Asimismo, estas consideraciones estéticas son periféricas. Lo que ustedes deben saber de Harry Crews es que es uno de los mejores escritores del mundo. Escribe con los huevos (no literalmente, bobos) y trabaja extendiendo sus intestinos y corazón hecho puré sobre la mesa de escribir, y luego aplica toda su disciplina y arte y emoción para que lo escrito sea algo magnífico y terrible y trascendente. Sus frases permanecen con nosotros mucho tiempo después de ser leídas, a veces para siempre.
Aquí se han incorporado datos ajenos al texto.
(* Let $q$ be a prime power, let $n$ and $k$ be integers with $1\le k<n/2$, let $V=\mathbb{F}_q^n$, let $U$ be a $k$-dimensional subspace of $V$ and $W$ an $(n-k)$-dimensional subspace with $V=U\oplus W$. Let $t\in M_n(\mathbb{F}_q)$ be an element of type $T_k$ stabilizing $U$ (with respect to $W$). If $T$ is a maximal subring of $M_n(\mathbb{F}_q)$ containing $t$, then either (a) $T=T_U$ or $T=T_W$, where $T_X=\{A\in M_n(\mathbb{F}_q): AX\subseteq X\}$; or (b) $T$ is a maximal subring of Type II-$\ell$, where $\ell$ is a common prime divisor of $k$ and $n$.
   Context: A subring is an additive subgroup closed under multiplication (not necessarily containing the identity); a maximal subring is a proper subring not contained in any other proper subring. A Singer cycle in $\mathrm{GL}(m,q)$ is an element generating a cyclic subgroup of order $q^m-1$. An element $t\in M_n(\mathbb{F}_q)$ is of type $T_k$ stabilizing $U$ (with respect to the complement $W$) if $tU\subseteq U$, $tW\subseteq W$, and, in a basis $e_1,\dots,e_n$ with $e_1,\dots,e_k$ a basis of $U$ and $e_{k+1},\dots,e_n$ a basis of $W$, $t=\begin{pmatrix} S_U & 0\\ 0 & S_W\end{pmatrix}$ with $S_U\in M_k(\mathbb{F}_q)$ and $S_W\in M_{n-k}(\mathbb{F}_q)$ Singer cycles. A maximal subring of $M_n(\mathbb{F}_q)$ is of Type II-$\ell$ if it equals the centralizer $\{A\in M_n(\mathbb{F}_q): Au=uA \text{ for all } u\in K\}$ of a subring $K\subseteq M_n(\mathbb{F}_q)$ with $K\cong\mathbb{F}_{q^\ell}$, where $\ell$ is a prime dividing $n$. *)

theory Defs
  imports "HOL-Analysis.Analysis" "HOL-Computational_Algebra.Primes"
begin

text \<open>Matrices in M_n(F_q) are represented as 'a^'n^'n, with 'a a finite field
  (so q = CARD('a) is a prime power) and n = CARD('n). Matrix product is (**),
  a matrix acts on column vectors by (*v).\<close>

definition is_subring :: "('a::field^'n^'n) set \<Rightarrow> bool" where
  "is_subring S \<longleftrightarrow> 0 \<in> S \<and> (\<forall>A\<in>S. \<forall>B\<in>S. A - B \<in> S \<and> A ** B \<in> S)"

definition maximal_subring :: "('a::field^'n^'n) set \<Rightarrow> bool" where
  "maximal_subring S \<longleftrightarrow> is_subring S \<and> S \<noteq> UNIV \<and>
     (\<forall>R. is_subring R \<and> S \<subseteq> R \<and> R \<noteq> UNIV \<longrightarrow> R = S)"

definition stab_ring :: "('a::field^'n) set \<Rightarrow> ('a^'n^'n) set" where
  "stab_ring X = {A. \<forall>x\<in>X. A *v x \<in> X}"

definition centralizer :: "('a::field^'n^'n) set \<Rightarrow> ('a^'n^'n) set" where
  "centralizer K = {A. \<forall>u\<in>K. A ** u = u ** A}"
lemma omega_star_common_phi:
  fixes alpha beta phi :: "real^'n"
  assumes "\<forall>i. alpha$i > 0" "\<forall>i. beta$i > 0" "\<forall>i. phi$i > 0"
    and beta_sum: "(\<Sum>i\<in>UNIV. beta$i) = 1" and phi_eq: "\<forall>i. phi$i = ph"
  shows "Amat alpha beta phi = (diagm alpha + ph *\<^sub>R mat 1) ** diagm beta - ph *\<^sub>R outer beta beta"
    and "sym_pos_def (Amat alpha beta phi)"
    and "omega_star Sig mu alpha beta phi =
           gmv Sig + (beta \<bullet> (matrix_inv (Amat alpha beta phi) *v beta)) *\<^sub>R (Qmat Sig *v mu)"
proof -
  have phibar: "phibar beta phi = ph"
    using phibar_const[OF phi_eq beta_sum] .
  show "Amat alpha beta phi = (diagm alpha + ph *\<^sub>R mat 1) ** diagm beta - ph *\<^sub>R outer beta beta"
    using phi_eq unfolding vec_eq_iff
    by (simp add: Amat_entry phibar matrix_matrix_mult_def diagm_def outer_def mat_def
        mult_delta_left mult_delta_right sum.distrib sum.delta algebra_simps)
  show "sym_pos_def (Amat alpha beta phi)"
    unfolding sym_pos_def_def
    using transpose_Amat_const_phi[OF phi_eq] Amat_pos_def[OF assms(1-3)] by blast
  show "omega_star Sig mu alpha beta phi =
           gmv Sig + (beta \<bullet> (matrix_inv (Amat alpha beta phi) *v beta)) *\<^sub>R (Qmat Sig *v mu)"
    using omega_star_eq[OF beta_sum, of Sig mu alpha phi]
      symm_part_eq_self[OF transpose_Amat_const_phi[OF phi_eq]] by simp
qed

lemma alpha_f_const:
  assumes "\<forall>i. alpha$i = a" and "a \<noteq> 0" and "(\<Sum>i\<in>UNIV. beta$i) = 1"
  shows "alpha_f alpha beta = a"
proof -
  have "invertible (mat 1 :: real^'n^'n)"
    unfolding invertible_def by (blast intro: matrix_mul_lid)
  then have "invertible (a *\<^sub>R mat 1 :: real^'n^'n)"
    by (rule scalar_invertible[OF assms(2)])
  moreover have "(a *\<^sub>R mat 1) *v (inverse a *\<^sub>R beta) = beta"
    using assms(2) by (simp add: scaleR_matrix_vector_assoc[symmetric] matrix_vector_mult_scaleR)
  moreover have "diagm alpha = a *\<^sub>R mat 1"
    using assms(1) by (simp add: vec_eq_iff diagm_def mat_def)
  ultimately have "matrix_inv (diagm alpha) *v beta = inverse a *\<^sub>R beta"
    using matrix_inv_mulv_eq by metis
  then show ?thesis
    using assms(3) unfolding alpha_f_def by (simp add: inner_ones_eq_sum)
qed

lemma omega_star_homogeneous:
  fixes alpha beta phi :: "real^'n"
  assumes "\<forall>i. alpha$i > 0" "\<forall>i. beta$i > 0" "\<forall>i. phi$i > 0"
    and beta_sum: "(\<Sum>i\<in>UNIV. beta$i) = 1"
    and alpha_eq: "\<forall>i. alpha$i = a" and phi_eq: "\<forall>i. phi$i = ph"
  shows "omega_star Sig mu alpha beta phi = gmv Sig + inverse a *\<^sub>R (Qmat Sig *v mu)"
    and "omega_star Sig mu alpha beta phi = omega_f Sig mu alpha beta"
proof -
  have a: "a > 0"
    using assms(1) alpha_eq by metis
  have beta_ones: "beta \<bullet> ones = 1"
    using beta_sum by (simp add: inner_commute inner_ones_eq_sum)
  have symm: "symm_part (Amat alpha beta phi) = Amat alpha beta phi"
    using symm_part_eq_self[OF transpose_Amat_const_phi[OF phi_eq]] .
  have "Amat alpha beta phi *v (inverse a *\<^sub>R ones) = beta"
    using alpha_eq phi_eq a beta_ones unfolding Amat_mulv vec_eq_iff
    by (simp add: phibar_const[OF phi_eq beta_sum] ones_def field_simps inner_scaleR_right)
  then have "matrix_inv (Amat alpha beta phi) *v beta = inverse a *\<^sub>R ones"
    using invertible_symm_part_Amat[OF assms(1-3)] unfolding symm by (simp add: matrix_inv_mulv_eq)
  then show "omega_star Sig mu alpha beta phi = gmv Sig + inverse a *\<^sub>R (Qmat Sig *v mu)"
    unfolding omega_star_eq[OF beta_sum] symm using beta_ones by simp
  then show "omega_star Sig mu alpha beta phi = omega_f Sig mu alpha beta"
    unfolding omega_f_def using alpha_f_const[OF alpha_eq _ beta_sum] a by simp
qed
(* Fix $\delta\in(0,1)$. Suppose that for each $t\ge2$ and $g\in[t-1]$, $T^{(t)}_g\in\{0,1\}$ is a measurable function of $(Y_1,\dots,Y_t)$, and that: (A) for all $t\ge 2$ and $g\in[t-1]$, $\mathbb P_\infty(T^{(t)}_g=1)\le \delta/(3t^2\log t)$; (B) there are a number $\rho=\rho(P_1,P_2)\ge0$ and a function $r(t,\delta)>0$ non-decreasing in $t$ such that whenever $\tau<\infty$, $\tau<t\le 2\tau$ and $(t-\tau)\rho\ge r(t,\delta)$, we have $\mathbb P_\tau(T^{(t)}_g=1)\ge1-\delta$ for every integer $g$ with $(t-\tau)/2\le g\le t-\tau$. Let $\hat\tau=\inf\{t\in\mathbb N:t\ge2,\ \max_{g\in G^{(t)}}T^{(t)}_g=1\}$. Then $\mathbb P_\infty(\hat\tau<\infty)\le\delta$, and for every $\tau\in\mathbb N$ with $\tau\rho\ge r(2\tau,\delta)$, $$\mathbb P_\tau\Big\{\hat\tau\le\tau+\Big\lceil\frac{r(2\tau,\delta)}{\rho}\Big\rceil\Big\}\ge1-\delta.$$
   Context: $\log$ is the natural logarithm, $[n]=\{1,\dots,n\}$, $\inf\emptyset=\infty$. Model: $(Y_i)_{i\in\mathbb N}$ are independent random vectors in $\mathbb R^p$; for $\tau\in\mathbb N\cup\{\infty\}$, under $\mathbb P_\tau$, $Y_i\sim P_1$ for $i\le\tau$ and $Y_i\sim P_2$ for $i>\tau$ (all $Y_i\sim P_1$ if $\tau=\infty$). Dynamic geometric grid: for $t\ge2$, $G^{(t)}=\{1\}\cup\bigcup_{j=1}^{\lfloor \log_2\{(t-1)/3\}\rfloor+1}\{g^{(t)}_{L,j}\}\cup\bigcup_{j=1}^{\lfloor\log_2(t-1)\rfloor-1}\{g^{(t)}_{R,j}\}$ with $g^{(t)}_{L,j}=2^j+\{(t-1)\bmod 2^{j-1}\}$, $g^{(t)}_{R,j}=g^{(t)}_{L,j}+2^{j-1}$ (empty unions if the upper index is $<1$; $a\bmod b=a-b\lfloor a/b\rfloor$). *)

theory Defs
  imports "HOL-Probability.Probability"
begin

text \<open>Law of the whole data sequence under the change point tau (index 0 is a dummy
  coordinate with law P1; the data are coordinates 1,2,...). tau = infinity means no change.\<close>
definition Ptau :: "'a measure \<Rightarrow> 'a measure \<Rightarrow> enat \<Rightarrow> (nat \<Rightarrow> 'a) measure" where
  "Ptau P1 P2 \<tau> = (\<Pi>\<^sub>M i\<in>UNIV. (if enat i \<le> \<tau> then P1 else P2))"

definition gL :: "nat \<Rightarrow> nat \<Rightarrow> nat" where
  "gL t j = 2 ^ j + ((t - 1) mod 2 ^ (j - 1))"

definition gR :: "nat \<Rightarrow> nat \<Rightarrow> nat" where
  "gR t j = gL t j + 2 ^ (j - 1)"

definition grid :: "nat \<Rightarrow> nat set" where
  "grid t = {1}
     \<union> {gL t j | j. 1 \<le> j \<and> int j \<le> \<lfloor>log 2 ((real t - 1) / 3)\<rfloor> + 1}
     \<union> {gR t j | j. 1 \<le> j \<and> int j \<le> \<lfloor>log 2 (real t - 1)\<rfloor> - 1}"

definition tauhat :: "(nat \<Rightarrow> nat \<Rightarrow> 'w \<Rightarrow> bool) \<Rightarrow> 'w \<Rightarrow> enat" where
  "tauhat T \<omega> = (if \<exists>t\<ge>2. \<exists>g\<in>grid t. T t g \<omega>
     then enat (LEAST t. 2 \<le> t \<and> (\<exists>g\<in>grid t. T t g \<omega>)) else \<infinity>)"

end

theory Submission
  imports Defs "HOL-Analysis.Harmonic_Numbers"
begin

text \<open>False alarms: the grid at time t has at most 3 ln t points, so a union bound over the
  grid turns (A) into the bound delta / t^2 for an alarm at time t, and the sum of 1 / t^2 over
  t >= 2 is at most 1. Detection: with d = ceil (r(2 tau, delta) / rho) <= tau, the grid at time
  tau + d contains some g with d/2 <= g <= d -- if 2^j <= d < 2^(j+1), either the left point
  2^j <= gL < 3 * 2^(j-1) or the right point 3 * 2^(j-2) <= gR < 2^j of the block below does.
  Since r is monotone, (B) applies to that test, and its firing forces the stopping time to be
  at most tau + d.\<close>

lemma int_le_floor_log2_iff:
  fixes x :: real
  assumes "0 < x"
  shows "int j \<le> \<lfloor>log 2 x\<rfloor> \<longleftrightarrow> 2 ^ j \<le> x"
proof -
  have "int j \<le> \<lfloor>log 2 x\<rfloor> \<longleftrightarrow> real j \<le> log 2 x"
    by (metis floor_of_nat le_floor_iff of_int_of_nat_eq)
  also have "\<dots> \<longleftrightarrow> 2 ^ j \<le> x"
    using assms by (simp add: le_log_iff powr_realpow)
  finally show ?thesis .
qed

lemma grid_eq:
  assumes "2 \<le> t"
  shows "grid t = insert 1 (gL t ` {j. 1 \<le> j \<and> 3 * 2 ^ (j - 1) \<le> t - 1}
                           \<union> gR t ` {j. 1 \<le> j \<and> 2 ^ (j + 1) \<le> t - 1})"
proof -
  have left: "int j \<le> \<lfloor>log 2 ((real t - 1) / 3)\<rfloor> + 1 \<longleftrightarrow> 3 * 2 ^ (j - 1) \<le> t - 1"
    if "1 \<le> j" for j
  proof -
    have "int j \<le> \<lfloor>log 2 ((real t - 1) / 3)\<rfloor> + 1 \<longleftrightarrow> 2 ^ (j - 1) \<le> (real t - 1) / 3"
      using that assms int_le_floor_log2_iff[of "(real t - 1) / 3" "j - 1"] by auto
    also have "\<dots> \<longleftrightarrow> 3 * 2 ^ (j - 1) \<le> t - 1"
      using assms of_nat_le_iff[of "3 * 2 ^ (j - 1)" "t - 1", where 'a=real]
      by (simp add: field_simps of_nat_diff)
    finally show ?thesis .
  qed
  have right: "int j \<le> \<lfloor>log 2 (real t - 1)\<rfloor> - 1 \<longleftrightarrow> 2 ^ (j + 1) \<le> t - 1" for j
  proof -
    have "int j \<le> \<lfloor>log 2 (real t - 1)\<rfloor> - 1 \<longleftrightarrow> 2 ^ (j + 1) \<le> real t - 1"
      using assms int_le_floor_log2_iff[of "real t - 1" "j + 1"] by auto
    also have "\<dots> \<longleftrightarrow> 2 ^ (j + 1) \<le> t - 1"
      using assms of_nat_le_iff[of "2 ^ (j + 1)" "t - 1", where 'a=real]
      by (simp add: of_nat_diff)
    finally show ?thesis .
  qed
  show ?thesis
    unfolding grid_def using left right by (auto simp: image_def)
qed

lemma gL_bounds:
  assumes "1 \<le> j"
  shows "2 ^ j \<le> gL t j" "gL t j < 3 * 2 ^ (j - 1)"
proof -
  obtain i where j: "j = Suc i" using assms by (cases j) auto
  have "(t - 1) mod 2 ^ i < 2 ^ i" by simp
  then show "2 ^ j \<le> gL t j" "gL t j < 3 * 2 ^ (j - 1)"
    unfolding gL_def j by simp_all
qed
Mi copia de A childhood muestra profundos surcos de subrayado en la mayoría de páginas: “Siempre he sabido que, en el fondo, una parte de mí nunca se fue, nunca sería capaz de irse, del sitio donde nací”. O “Anything worth doing is worth overdoing”. Y por supuesto, el filo-axioma y gran candidato para tatuaje literario no hecho del siglo: “Only the use of I, lovely and terryfing word, would get me to the place where I needed to go”.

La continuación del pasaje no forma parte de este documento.